**Description of the task**.
The records below are to be duplicated character for character.

**Stored items**.
(* Let $G_1,\dots,G_k$ ($k>1$) be connected graphs with at least one edge each, and let $G$ be any coalescence of $G_1,\dots,G_k$. Let $f:\mathbb{R}\to\mathbb{R}$ with $f(0)=0$. Then $f[-]$ preserves positivity on $\mathcal{P}_G(\mathbb{R})$ if and only if (1) $f[-]$ preserves positivity on each $\mathcal{P}_{G_i}(\mathbb{R})$, and (2) $f$ is continuous and super-additive on $[0,\infty)$. In particular, for any $\alpha\in\mathbb{R}$, $\psi_\alpha$ (resp. $\phi_\alpha$) preserves positivity on $\mathcal{P}_G(\mathbb{R})$ if and only if it does so on $\mathcal{P}_{G_i}(\mathbb{R})$ for all $1\le i\le k$ and $\alpha\ge1$; that is, \[ \mathcal{H}^\psi_G=[1,\infty)\cap\bigcap_{i=1}^k\mathcal{H}^\psi_{G_i},\qquad \mathcal{H}^\phi_G=[1,\infty)\cap\bigcap_{i=1}^k\mathcal{H}^\phi_{G_i}. \]
   Context: Graphs are finite and simple. A coalescence of two graphs $H_1,H_2$ is the graph obtained from their disjoint union by identifying a vertex of $H_1$ with a vertex of $H_2$; a coalescence of $G_1,\dots,G_k$ is obtained iteratively by coalescing a coalescence of $G_1,\dots,G_{i-1}$ with $G_i$. Super-additive on $[0,\infty)$ means $f(x+y)\ge f(x)+f(y)$ for $x,y\ge0$. For a graph $H$ on $\{1,\dots,n\}$, $\mathcal{P}_H(\mathbb{R})$ is the set of real symmetric PSD $n\times n$ matrices $M$ with $m_{ij}=0$ whenever $i\ne j$ and $(i,j)$ is not an edge. $f[M]=(f(m_{ij}))$; $f[-]$ preserves positivity on $\mathcal{P}_H(\mathbb{R})$ if $f[M]\in\mathcal{P}_H(\mathbb{R})$ for all $M\in\mathcal{P}_H(\mathbb{R})$. $\psi_\alpha(x)=\mathrm{sgn}(x)|x|^\alpha$, $\phi_\alpha(x)=|x|^\alpha$ ($x\ne0$), $\psi_\alpha(0)=\phi_\alpha(0)=0$; $\mathcal{H}_H^\psi$ (resp. $\mathcal{H}_H^\phi$) is the set of $\alpha\in\mathbb{R}$ such that $\psi_\alpha[-]$ (resp. $\phi_\alpha[-]$) preserves positivity on $\mathcal{P}_H(\mathbb{R})$. *)

theory Defs
  imports Complex_Main
begin

type_synonym 'a sgraph = "'a set \<times> 'a set set"

definition verts :: "'a sgraph \<Rightarrow> 'a set" where "verts G = fst G"
definition edges :: "'a sgraph \<Rightarrow> 'a set set" where "edges G = snd G"

definition wf_graph :: "'a sgraph \<Rightarrow> bool" where
  "wf_graph G \<longleftrightarrow> finite (verts G) \<and>
     (\<forall>e\<in>edges G. \<exists>u v. u \<noteq> v \<and> u \<in> verts G \<and> v \<in> verts G \<and> e = {u, v})"

definition adj :: "'a sgraph \<Rightarrow> 'a \<Rightarrow> 'a \<Rightarrow> bool" where
  "adj G u v \<longleftrightarrow> {u, v} \<in> edges G"

definition connected_graph :: "'a sgraph \<Rightarrow> bool" where
  "connected_graph G \<longleftrightarrow> (\<forall>u\<in>verts G. \<forall>v\<in>verts G. (adj G)\<^sup>*\<^sup>* u v)"

definition coalescence2 :: "'a sgraph \<Rightarrow> 'a sgraph \<Rightarrow> 'a sgraph \<Rightarrow> bool" where
  "coalescence2 G H1 H2 \<longleftrightarrow> (\<exists>f1 f2.
      inj_on f1 (verts H1) \<and> inj_on f2 (verts H2) \<and>
      verts G = f1 ` verts H1 \<union> f2 ` verts H2 \<and>
      card (f1 ` verts H1 \<inter> f2 ` verts H2) = 1 \<and>
      edges G = (image f1) ` edges H1 \<union> (image f2) ` edges H2)"

definition graph_iso :: "'a sgraph \<Rightarrow> 'a sgraph \<Rightarrow> bool" where
  "graph_iso G H \<longleftrightarrow> (\<exists>f. bij_betw f (verts H) (verts G) \<and> edges G = (image f) ` edges H)"

inductive coalescence :: "'a sgraph list \<Rightarrow> 'a sgraph \<Rightarrow> bool" where
  base: "graph_iso G H \<Longrightarrow> coalescence [H] G"
| step: "coalescence Hs H \<Longrightarrow> coalescence2 G H Hk \<Longrightarrow> coalescence (Hs @ [Hk]) G"

text \<open>Real symmetric PSD matrices indexed by V (entries outside V x V are irrelevant).\<close>
definition psd_on :: "'a set \<Rightarrow> ('a \<Rightarrow> 'a \<Rightarrow> real) \<Rightarrow> bool" where
  "psd_on V M \<longleftrightarrow> (\<forall>i\<in>V. \<forall>j\<in>V. M i j = M j i) \<and>
     (\<forall>x::'a \<Rightarrow> real. 0 \<le> (\<Sum>i\<in>V. \<Sum>j\<in>V. x i * M i j * x j))"

definition in_PG :: "'a sgraph \<Rightarrow> ('a \<Rightarrow> 'a \<Rightarrow> real) \<Rightarrow> bool" where
  "in_PG G M \<longleftrightarrow> psd_on (verts G) M \<and>
     (\<forall>i\<in>verts G. \<forall>j\<in>verts G. i \<noteq> j \<and> \<not> adj G i j \<longrightarrow> M i j = 0)"

definition preserves_pos :: "(real \<Rightarrow> real) \<Rightarrow> 'a sgraph \<Rightarrow> bool" where
  "preserves_pos f G \<longleftrightarrow> (\<forall>M. in_PG G M \<longrightarrow> in_PG G (\<lambda>i j. f (M i j)))"

definition superadditive_nonneg :: "(real \<Rightarrow> real) \<Rightarrow> bool" where
  "superadditive_nonneg f \<longleftrightarrow> (\<forall>x\<ge>0. \<forall>y\<ge>0. f (x + y) \<ge> f x + f y)"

**Worked solution**.
(* Let $G_1,\dots,G_k$ ($k>1$) be connected graphs with at least one edge each, and let $G$ be any coalescence of $G_1,\dots,G_k$. Let $f:\mathbb{R}\to\mathbb{R}$ with $f(0)=0$. Then $f[-]$ preserves positivity on $\mathcal{P}_G(\mathbb{R})$ if and only if (1) $f[-]$ preserves positivity on each $\mathcal{P}_{G_i}(\mathbb{R})$, and (2) $f$ is continuous and super-additive on $[0,\infty)$. In particular, for any $\alpha\in\mathbb{R}$, $\psi_\alpha$ (resp. $\phi_\alpha$) preserves positivity on $\mathcal{P}_G(\mathbb{R})$ if and only if it does so on $\mathcal{P}_{G_i}(\mathbb{R})$ for all $1\le i\le k$ and $\alpha\ge1$; that is, \[ \mathcal{H}^\psi_G=[1,\infty)\cap\bigcap_{i=1}^k\mathcal{H}^\psi_{G_i},\qquad \mathcal{H}^\phi_G=[1,\infty)\cap\bigcap_{i=1}^k\mathcal{H}^\phi_{G_i}. \]
   Context: Graphs are finite and simple. A coalescence of two graphs $H_1,H_2$ is the graph obtained from their disjoint union by identifying a vertex of $H_1$ with a vertex of $H_2$; a coalescence of $G_1,\dots,G_k$ is obtained iteratively by coalescing a coalescence of $G_1,\dots,G_{i-1}$ with $G_i$. Super-additive on $[0,\infty)$ means $f(x+y)\ge f(x)+f(y)$ for $x,y\ge0$. For a graph $H$ on $\{1,\dots,n\}$, $\mathcal{P}_H(\mathbb{R})$ is the set of real symmetric PSD $n\times n$ matrices $M$ with $m_{ij}=0$ whenever $i\ne j$ and $(i,j)$ is not an edge. $f[M]=(f(m_{ij}))$; $f[-]$ preserves positivity on $\mathcal{P}_H(\mathbb{R})$ if $f[M]\in\mathcal{P}_H(\mathbb{R})$ for all $M\in\mathcal{P}_H(\mathbb{R})$. $\psi_\alpha(x)=\mathrm{sgn}(x)|x|^\alpha$, $\phi_\alpha(x)=|x|^\alpha$ ($x\ne0$), $\psi_\alpha(0)=\phi_\alpha(0)=0$; $\mathcal{H}_H^\psi$ (resp. $\mathcal{H}_H^\phi$) is the set of $\alpha\in\mathbb{R}$ such that $\psi_\alpha[-]$ (resp. $\phi_\alpha[-]$) preserves positivity on $\mathcal{P}_H(\mathbb{R})$. *)

theory Defs
  imports Complex_Main
begin

type_synonym 'a sgraph = "'a set \<times> 'a set set"

definition verts :: "'a sgraph \<Rightarrow> 'a set" where "verts G = fst G"
definition edges :: "'a sgraph \<Rightarrow> 'a set set" where "edges G = snd G"

definition wf_graph :: "'a sgraph \<Rightarrow> bool" where
  "wf_graph G \<longleftrightarrow> finite (verts G) \<and>
     (\<forall>e\<in>edges G. \<exists>u v. u \<noteq> v \<and> u \<in> verts G \<and> v \<in> verts G \<and> e = {u, v})"

definition adj :: "'a sgraph \<Rightarrow> 'a \<Rightarrow> 'a \<Rightarrow> bool" where
  "adj G u v \<longleftrightarrow> {u, v} \<in> edges G"

definition connected_graph :: "'a sgraph \<Rightarrow> bool" where
  "connected_graph G \<longleftrightarrow> (\<forall>u\<in>verts G. \<forall>v\<in>verts G. (adj G)\<^sup>*\<^sup>* u v)"

definition coalescence2 :: "'a sgraph \<Rightarrow> 'a sgraph \<Rightarrow> 'a sgraph \<Rightarrow> bool" where
  "coalescence2 G H1 H2 \<longleftrightarrow> (\<exists>f1 f2.
      inj_on f1 (verts H1) \<and> inj_on f2 (verts H2) \<and>
      verts G = f1 ` verts H1 \<union> f2 ` verts H2 \<and>
      card (f1 ` verts H1 \<inter> f2 ` verts H2) = 1 \<and>
      edges G = (image f1) ` edges H1 \<union> (image f2) ` edges H2)"

definition graph_iso :: "'a sgraph \<Rightarrow> 'a sgraph \<Rightarrow> bool" where
  "graph_iso G H \<longleftrightarrow> (\<exists>f. bij_betw f (verts H) (verts G) \<and> edges G = (image f) ` edges H)"

inductive coalescence :: "'a sgraph list \<Rightarrow> 'a sgraph \<Rightarrow> bool" where
  base: "graph_iso G H \<Longrightarrow> coalescence [H] G"
| step: "coalescence Hs H \<Longrightarrow> coalescence2 G H Hk \<Longrightarrow> coalescence (Hs @ [Hk]) G"

text \<open>Real symmetric PSD matrices indexed by V (entries outside V x V are irrelevant).\<close>
definition psd_on :: "'a set \<Rightarrow> ('a \<Rightarrow> 'a \<Rightarrow> real) \<Rightarrow> bool" where
  "psd_on V M \<longleftrightarrow> (\<forall>i\<in>V. \<forall>j\<in>V. M i j = M j i) \<and>
     (\<forall>x::'a \<Rightarrow> real. 0 \<le> (\<Sum>i\<in>V. \<Sum>j\<in>V. x i * M i j * x j))"

definition in_PG :: "'a sgraph \<Rightarrow> ('a \<Rightarrow> 'a \<Rightarrow> real) \<Rightarrow> bool" where
  "in_PG G M \<longleftrightarrow> psd_on (verts G) M \<and>
     (\<forall>i\<in>verts G. \<forall>j\<in>verts G. i \<noteq> j \<and> \<not> adj G i j \<longrightarrow> M i j = 0)"

definition preserves_pos :: "(real \<Rightarrow> real) \<Rightarrow> 'a sgraph \<Rightarrow> bool" where
  "preserves_pos f G \<longleftrightarrow> (\<forall>M. in_PG G M \<longrightarrow> in_PG G (\<lambda>i j. f (M i j)))"

definition superadditive_nonneg :: "(real \<Rightarrow> real) \<Rightarrow> bool" where
  "superadditive_nonneg f \<longleftrightarrow> (\<forall>x\<ge>0. \<forall>y\<ge>0. f (x + y) \<ge> f x + f y)"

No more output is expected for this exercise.